** Opening Source material block **

lemma scaled_commutator_T_minor_first_column:
  assumes "a \<in> {a1, a2}"
  shows "lc_eval (lc_smult (x - y - eta) (lc_commutator (T_lc a b1 x) (minor_lc a1 a2 b1 b2 y))) p = 0"
proof -
  from assms consider "a = a1" | "a = a2" by blast
  then show ?thesis
  proof cases
    case 1
    show ?thesis unfolding 1
      by (rule lc_eval_zero_by_certificate[where Is = "[
          ([], [(a1, b2, y + eta)], - 1, rtt_lc a1 a2 b1 b1 x y),
          ([], [(a2, b2, y + eta)], 1, rtt_lc a1 a1 b1 b1 y x),
          ([(a1, b1, y)], [], 1, rtt_lc a1 a2 b1 b2 x (y + eta)),
          ([], [(a1, b2, y + eta)], - 1, rtt_lc a1 a2 b1 b1 y x),
          ([], [(a1, b2, x)], - 1, rtt_lc a1 a2 b1 b1 y (y + eta)),
          ([], [(a1, b2, y + eta)], 1, rtt_lc a2 a1 b1 b1 x y),
          ([(a2, b1, y)], [], - 1, rtt_lc a1 a1 b1 b2 x (y + eta))]"])
        (simp, simp add: rtt_lc_defs, simp add: algebra_simps)
  next
    case 2
    show ?thesis unfolding 2
      by (rule lc_eval_zero_by_certificate[where Is = "[
          ([], [(a2, b2, y + eta)], - 1, rtt_lc a1 a2 b1 b1 x y),
          ([], [(a2, b2, x)], - 1, rtt_lc a1 a2 b1 b1 y (y + eta)),
          ([(a1, b1, y)], [], - 1, rtt_lc a2 a2 b1 b2 (y + eta) x),
          ([(a1, b1, y)], [], 1, rtt_lc a2 a2 b2 b1 x (y + eta)),
          ([(a1, b1, y)], [], 1, rtt_lc a2 a2 b2 b1 (y + eta) x),
          ([], [(a2, b2, y + eta)], 1, rtt_lc a2 a1 b1 b1 x y),
          ([], [(a2, b2, y + eta)], 1, rtt_lc a2 a1 b1 b1 y x),
          ([], [(a1, b2, y + eta)], - 1, rtt_lc a2 a2 b1 b1 y x),
          ([(a2, b1, y)], [], - 1, rtt_lc a2 a1 b1 b2 x (y + eta))]"])
        (simp, simp add: rtt_lc_defs, simp add: algebra_simps)
  qed
qed

lemma scaled_commutator_T_minor_second_column:
  assumes "a \<in> {a1, a2}"
  shows "lc_eval (lc_smult (x - y) (lc_commutator (T_lc a b2 x) (minor_lc a1 a2 b1 b2 y))) p = 0"
proof -
  from assms consider "a = a1" | "a = a2" by blast
  then show ?thesis
  proof cases
    case 1
    show ?thesis unfolding 1
      by (rule lc_eval_zero_by_certificate[where Is = "[
          ([], [(a2, b2, y + eta)], - 1, rtt_lc a1 a1 b1 b2 x y),
          ([(a1, b1, x)], [], - 1, rtt_lc a1 a2 b2 b2 y (y + eta)),
          ([(a1, b1, y)], [], - 1, rtt_lc a1 a2 b2 b2 (y + eta) x),
          ([(a1, b1, y)], [], 1, rtt_lc a2 a1 b2 b2 x (y + eta)),
          ([(a1, b1, y)], [], 1, rtt_lc a2 a1 b2 b2 (y + eta) x),
          ([], [(a2, b2, y + eta)], 1, rtt_lc a1 a1 b2 b1 x y),
          ([], [(a1, b2, y + eta)], - 1, rtt_lc a1 a2 b2 b1 x y),
          ([], [(a2, b2, y + eta)], 1, rtt_lc a1 a1 b2 b1 y x),
          ([], [(a1, b2, y + eta)], - 1, rtt_lc a1 a2 b2 b1 y x),
          ([], [(a1, b2, y + eta)], 1, rtt_lc a2 a1 b1 b2 x y),
          ([(a2, b1, y)], [], - 1, rtt_lc a1 a1 b2 b2 x (y + eta))]"])
        (simp, simp add: rtt_lc_defs, simp add: algebra_simps)
  next
    case 2
    show ?thesis unfolding 2
      by (rule lc_eval_zero_by_certificate[where Is = "[
          ([], [(a2, b2, y + eta)], 1, rtt_lc a1 a2 b1 b2 y x),
          ([(a1, b1, y)], [], 1, rtt_lc a2 a2 b2 b2 x (y + eta)),
          ([(a2, b1, x)], [], - 1, rtt_lc a1 a2 b2 b2 y (y + eta)),
          ([], [(a1, b2, y + eta)], - 1, rtt_lc a2 a2 b1 b2 y x),
          ([(a2, b1, y)], [], - 1, rtt_lc a2 a1 b2 b2 x (y + eta))]"])
        (simp, simp add: rtt_lc_defs, simp add: algebra_simps)
  qed
qed

lemma T_at_commutes_minor [simp]:
  assumes "a \<in> {a1, a2}" "e \<in> {b1, b2}"
  shows "T_at (a, e, x) (lc_eval (minor_lc a1 a2 b1 b2 y) p)
    = lc_eval (minor_lc a1 a2 b1 b2 y) (T_at (a, e, x) p)"
proof (cases "a \<in> {1,2,3} \<and> e \<in> {1,2,3}")
  case True
  have "sc (x - (y + (if e = b2 then 0 else eta))) (T a e x (lc_eval (minor_lc a1 a2 b1 b2 y) p)
      - lc_eval (minor_lc a1 a2 b1 b2 y) (T a e x p)) = 0" for x
    using scaled_commutator_T_minor_first_column[OF assms(1), of x y b1 b2 p]
      scaled_commutator_T_minor_second_column[OF assms(1), of x y b2 b1 p]
      assms(2) True
    by (auto simp: T_at_in_range algebra_simps)
  then have "T a e x (lc_eval (minor_lc a1 a2 b1 b2 y) p)
      = lc_eval (minor_lc a1 a2 b1 b2 y) (T a e x p)"
    by (rule T_commute_if_scaled_commute[OF linear_lc_eval])
  with True show ?thesis by (simp add: T_at_in_range)
next
  case False
  then show ?thesis by (auto simp: T_at_out_of_range pair.linear_0[OF linear_lc_eval])
qed

definition T_minor_exchange_lc ::
  "nat \<Rightarrow> nat \<Rightarrow> nat \<Rightarrow> nat \<Rightarrow> nat \<Rightarrow> nat \<Rightarrow> complex \<Rightarrow> complex \<Rightarrow> T_lincomb" where
  "T_minor_exchange_lc a1 a2 a p q r x y =
      lc_smult (- (x - y)) (lc_mult (T_lc a q x) (minor_lc a1 a2 p r y))
    @ lc_smult (x - y - eta) (lc_mult (minor_lc a1 a2 p r y) (T_lc a q x))
    @ lc_smult eta (lc_mult (T_lc a p x) (minor_lc a1 a2 q r y))
    @ lc_smult eta (lc_mult (minor_lc a1 a2 p q y) (T_lc a r x))"

definition symmetrised_commutator_lc ::
  "nat \<Rightarrow> nat \<Rightarrow> nat \<Rightarrow> nat \<Rightarrow> nat \<Rightarrow> nat \<Rightarrow> complex \<Rightarrow> complex \<Rightarrow> T_lincomb" where
  "symmetrised_commutator_lc a1 a2 a p q r x y = lc_smult (eta - (x - y))
    (lc_commutator (minor_lc a1 a2 p r y) (T_lc a q x)
      @ lc_commutator (minor_lc a1 a2 q r y) (T_lc a p x))"

lemma lc_eval_T_minor_exchange [simp]:
  assumes "a \<in> {a1, a2}"
  shows "lc_eval (T_minor_exchange_lc a1 a2 a p q r x y) v = 0"
proof -
  from assms consider "a = a1" | "a = a2" by blast
  then show ?thesis
  proof cases
    case 1
    show ?thesis unfolding 1
      by (rule lc_eval_zero_by_certificate[where Is = "[
          ([], [(a2, r, y + eta)], - 1, rtt_lc a1 a1 p q y x),
          ([(a1, p, y)], [], - 1, rtt_lc a1 a2 q r x (y + eta)),
          ([], [(a1, r, y + eta)], 1, rtt_lc a2 a1 p q y x),
          ([(a2, p, y)], [], 1, rtt_lc a1 a1 q r x (y + eta))]"])
        (simp, simp add: rtt_lc_defs T_minor_exchange_lc_def, simp add: algebra_simps)
  next
    case 2
    show ?thesis unfolding 2
      by (rule lc_eval_zero_by_certificate[where Is = "[
          ([], [(a2, r, y + eta)], - 1, rtt_lc a1 a2 p q y x),
          ([(a1, p, y)], [], - 1, rtt_lc a2 a2 q r x (y + eta)),
          ([], [(a1, r, y + eta)], 1, rtt_lc a2 a2 p q y x),
          ([(a2, p, y)], [], 1, rtt_lc a2 a1 q r x (y + eta))]"])
        (simp, simp add: rtt_lc_defs T_minor_exchange_lc_def, simp add: algebra_simps)
  qed
qed

lemma lc_eval_symmetrised_commutator [simp]:
  assumes "a \<in> {a1, a2}"
  shows "lc_eval (symmetrised_commutator_lc a1 a2 a p q r x y) v = 0"
proof -
  from assms consider "a = a1" | "a = a2" by blast
  then show ?thesis
  proof cases
    case 1
    show ?thesis unfolding 1
      by (rule lc_eval_zero_by_certificate[where Is = "[
          ([], [(a2, r, y + eta)], 1, rtt_lc a1 a1 p q x y),
          ([], [(a2, r, y + eta)], 2, rtt_lc a1 a1 p q y x),
          ([(a1, p, y)], [], 1, rtt_lc a1 a2 q r x (y + eta)),
          ([], [(a2, r, y + eta)], - 1, rtt_lc a1 a1 q p x y),
          ([(a1, q, y)], [], 1, rtt_lc a1 a2 p r x (y + eta)),
          ([], [(a1, r, y + eta)], - 1, rtt_lc a2 a1 p q y x),
          ([(a2, p, y)], [], - 1, rtt_lc a1 a1 q r x (y + eta)),
          ([], [(a1, r, x)], 1, rtt_lc a2 a1 p q y (y + eta)),
          ([], [(a1, r, y + eta)], - 1, rtt_lc a2 a1 q p y x),
          ([(a2, q, y)], [], - 1, rtt_lc a1 a1 p r x (y + eta)),
          ([], [(a1, r, x)], 1, rtt_lc a2 a1 q p y (y + eta))]"])
        (simp, simp add: rtt_lc_defs symmetrised_commutator_lc_def, simp add: algebra_simps)
  next
    case 2
    show ?thesis unfolding 2
      by (rule lc_eval_zero_by_certificate[where Is = "[
          ([(a1, p, y)], [], - 1, rtt_lc a2 a2 q r (y + eta) x),
          ([(a1, p, y)], [], 1, rtt_lc a2 a2 r q x (y + eta)),
          ([(a1, p, y)], [], 1, rtt_lc a2 a2 r q (y + eta) x),
          ([], [(a2, r, y)], 1, rtt_lc a1 a2 p q (y + eta) x),
          ([(a1, q, x)], [], 1, rtt_lc a2 a2 p r y (y + eta)),
          ([(a1, q, x)], [], 1, rtt_lc a2 a2 p r (y + eta) y),
          ([], [(a2, r, y + eta)], 1, rtt_lc a1 a2 q p y x),
          ([(a1, q, y)], [], 1, rtt_lc a2 a2 p r x (y + eta)),
          ([(a1, q, y)], [], - 1, rtt_lc a2 a2 p r (y + eta) x),
          ([(a1, q, y)], [], 1, rtt_lc a2 a2 r p x (y + eta)),
          ([(a1, q, y + eta)], [], 1, rtt_lc a2 a2 p r y x),
          ([(a1, q, y + eta)], [], - 1, rtt_lc a2 a2 r p x y),
          ([], [(a2, p, y + eta)], 1, rtt_lc a1 a2 r q x y),
          ([], [(a2, p, y)], - 1, rtt_lc a1 a2 r q x (y + eta)),
          ([(a2, p, x)], [], 1, rtt_lc a1 a2 q r y (y + eta)),
          ([(a2, p, x)], [], 1, rtt_lc a1 a2 q r (y + eta) y),
          ([], [(a1, r, y + eta)], 1, rtt_lc a2 a2 p q x y),
          ([(a2, p, y)], [], - 1, rtt_lc a1 a2 r q (y + eta) x),
          ([], [(a1, q, y + eta)], - 1, rtt_lc a2 a2 p r y x),
          ([], [(a1, q, x)], - 1, rtt_lc a2 a2 p r y (y + eta)),
          ([], [(a2, r, x)], - 1, rtt_lc a2 a1 p q (y + eta) y),
          ([(a2, p, y + eta)], [], 1, rtt_lc a1 a2 r q y x),
          ([(a2, p, y + eta)], [], - 1, rtt_lc a2 a1 q r x y),
          ([], [(a1, q, y)], 1, rtt_lc a2 a2 p r (y + eta) x),
          ([], [(a1, q, x)], - 1, rtt_lc a2 a2 p r (y + eta) y),
          ([], [(a2, r, y + eta)], 1, rtt_lc a2 a1 q p x y),
          ([], [(a2, r, y)], - 1, rtt_lc a2 a1 q p x (y + eta)),
          ([], [(a1, r, y + eta)], - 1, rtt_lc a2 a2 q p x y),
          ([], [(a2, r, x)], 1, rtt_lc a2 a1 q p y (y + eta)),
          ([], [(a2, p, y + eta)], - 1, rtt_lc a2 a1 q r y x),
          ([], [(a1, r, y + eta)], - 2, rtt_lc a2 a2 q p y x),
          ([(a2, q, y)], [], - 1, rtt_lc a2 a1 p r x (y + eta)),
          ([], [(a2, p, y)], 1, rtt_lc a2 a1 q r (y + eta) x),
          ([(a2, r, x)], [], 1, rtt_lc a1 a2 q p y (y + eta)),
          ([(a2, r, x)], [], 1, rtt_lc a1 a2 q p (y + eta) y),
          ([], [(a1, q, y + eta)], 1, rtt_lc a2 a2 r p x y),
          ([], [(a1, q, y)], - 1, rtt_lc a2 a2 r p x (y + eta)),
          ([(a2, r, y)], [], - 1, rtt_lc a1 a2 p q (y + eta) x),
          ([], [(a2, p, x)], - 1, rtt_lc a2 a1 r q y (y + eta)),
          ([(a2, r, y)], [], 1, rtt_lc a2 a1 q p x (y + eta)),
          ([(a2, r, y + eta)], [], 1, rtt_lc a1 a2 p q y x),
          ([], [(a2, p, x)], - 1, rtt_lc a2 a1 r q (y + eta) y),
          ([(a2, r, y + eta)], [], - 1, rtt_lc a2 a1 q p x y)]"])
        (simp, simp add: rtt_lc_defs symmetrised_commutator_lc_def, simp add: algebra_simps)
  qed
qed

** Closing Source material block **

Pull out every line in the material above where "True" occurs.

  case True
      assms(2) True
  with True show ?thesis by (simp add: T_at_in_range)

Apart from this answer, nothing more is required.